Harusnya Arini bahagia karena dirinya benar-benar akan dinikahi oleh Ardhan. Namun, Arini yang terbiasa mandiri dan cobaan hidupnya melebihi biksu Tong ketika mencari kitab suci, justru jadi ketakutan sendiri.
“Coba dulu lah, optimis. Enggak ada salahnya. Lagian kan aku sudah terbiasa menghadapi marabahaya dari berbagai silu man. Alarm ru sak saja bisa aku hadapi, apalagi ibu Sundari dan nenek Septi yang terkenal sebagai manusia manusiawi? Ini aku hanya ditugasi, agar aku dapat restu dari keluarga pak Ardhan. Bisalah, ... bisa!” lirih Arini yang lagi-lagi tak berani mengusik Ardhan lantaran pria itu begitu sibuk dengan ponsel.

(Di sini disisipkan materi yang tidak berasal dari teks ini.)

(* Fix a constant $c>0$. There is a constant $C$ (depending only on $c$) such that for every $n=2^k$ and every $c$-Ramsey graph $G$ with $n$ vertices, the formula $\Psi_G$ has a treelike resolution refutation with at most $n^{C\log n}$ clauses; i.e. of size $n^{O(\log n)}$.
   Context: Logarithms are base 2. A graph $G$ on $n$ vertices is $c$-Ramsey if no set of $c\log n$ vertices is a clique or an independent set. A resolution refutation of a CNF is a sequence of clauses, each a clause of the formula or derived from earlier clauses $A\lor x$, $B\lor\neg x$ as $A\lor B$, ending in the empty clause; it is treelike if each derived clause is used as a premise at most once. For a graph $G$ on $n=2^k$ vertices, identify vertices with strings $v=v_1\cdots v_k\in\{0,1\}^k$ (assume $ck$ is an integer). $\Psi_G$ has variables $x^i_b$ ($i\in[ck]$, $b\in[k]$) and $y$; $(x^i_b\ne v_b)$ denotes $\neg x^i_b$ if $v_b=1$ and $x^i_b$ if $v_b=0$. Clauses: (1) for each vertex $v$ and distinct $i,j$: $\bigvee_b(x^i_b\ne v_b)\lor\bigvee_b(x^j_b\ne v_b)$; (2) for distinct $u,v$ with $\{u,v\}\in E(G)$ and distinct $i,j$: $y\lor\bigvee_b(x^i_b\ne u_b)\lor\bigvee_b(x^j_b\ne v_b)$; (3) for distinct $u,v$ with $\{u,v\}\notin E(G)$ and distinct $i,j$: $\neg y\lor\bigvee_b(x^i_b\ne u_b)\lor\bigvee_b(x^j_b\ne v_b)$. *)

theory Defs
  imports Complex_Main
begin

datatype var = X nat nat | Y   \<comment> \<open>X i b is x^i_b, Y is y\<close>

type_synonym lit = "var \<times> bool"   \<comment> \<open>(v, True) = v, (v, False) = not v\<close>
type_synonym clause = "lit set"      \<comment> \<open>a clause is the disjunction of its literals\<close>

definition resolvent :: "clause \<Rightarrow> clause \<Rightarrow> clause \<Rightarrow> bool" where
  "resolvent C1 C2 D \<longleftrightarrow>
     (\<exists>x. (x, True) \<in> C1 \<and> (x, False) \<in> C2 \<and> D = (C1 - {(x, True)}) \<union> (C2 - {(x, False)}))"

datatype just = Ax | Res nat nat

type_synonym proof_seq = "(clause \<times> just) list"

definition refutation :: "clause set \<Rightarrow> proof_seq \<Rightarrow> bool" where
  "refutation F P \<longleftrightarrow> P \<noteq> [] \<and> fst (last P) = {} \<and>
     (\<forall>p < length P. case snd (P ! p) of
        Ax \<Rightarrow> fst (P ! p) \<in> F
      | Res i j \<Rightarrow> i < p \<and> j < p \<and> resolvent (fst (P ! i)) (fst (P ! j)) (fst (P ! p)))"

definition uses :: "proof_seq \<Rightarrow> nat \<Rightarrow> nat" where
  "uses P q = (\<Sum>p<length P. case snd (P ! p) of Ax \<Rightarrow> 0
        | Res i j \<Rightarrow> (if i = q then 1 else 0) + (if j = q then 1 else 0))"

Sampai akhirnya mereka mampir ke rumah makan untuk makan siang yang terbilang sudah sangat telat, Ardhan tetap sibuk.
“Pak, ternyata jadi orang kaya enggak selamanya nikmat, ya?” ucap Arini yang jadi ragu menyentuh makanannya karena Ardhan saja belum melakukannya.
“Loh ... kenapa?” bingung Ardhan berangsur menatap Arini. Ia tak lagi menatap ponselnya.
“Ya iya, ... sekadar makan saja, kayaknya asal masuk mulut. Jadi, ketika orang susah enggak bisa menikmati makanan karena memang enggak ada yang buat dinikmati. Pak Ardhan justru sebaliknya. Banyak yang bisa nikmati, tapi Pak Ardhan enggak punya waktu buat melakukannya.” Arini yang berucap lirih cenderung berbisik-bisik, menatap saksama kedua mata Ardhan. Ia terpaksa begitu karena setiap mata di rumah makan keberadaan mereka, memperhatikan Arini dan Ardhan. Arini berpikir, alasan itu terjadi karena mereka sedang jadi artis dadakan. Efek berita mereka khususnya kasus Killa dan Akbar yang telanjur viral.
“Mungkin karena ini juga, Killa yang terbiasa diperlakukan layaknya tuan putri merasa kurang karena baginya, Pak Ardhan sibuk sendiri. Padahal, alasan Pak Ardhan sibuk juga buat kebaikan kalian. Ya sudah lah, ya ... sudah jadi pilihannya,” ucap Arini.
“Kamu yang bahas, kamu sendiri yang mengakhiri,” ucap Ardhan jadi sewot hanya karena Arini baru saja membahas Killa.
“Maaf, ya. I–ini ....” Arini menyodorkan piringnya yang isinya sudah sangat rapi. Ayam bakar miliknya sudah menjadi bagian dari nasi yang bentuknya nyaris bulat. Semuanya sudah dibagi, dan tinggal lahap. Ia sengaja menyiapkan semua itu untuk Ardhan. Agar Ardhan lebih mudah makan.
Tanpa berkomentar, Ardhan yang paham maksud Arini, sengaja mengambil piring Arini, kemudian memberikan piring miliknya yang isinya masih utuh.
Senyum kecil menghiasi wajah cantik Arini sambil menerima piring milik Ardhan.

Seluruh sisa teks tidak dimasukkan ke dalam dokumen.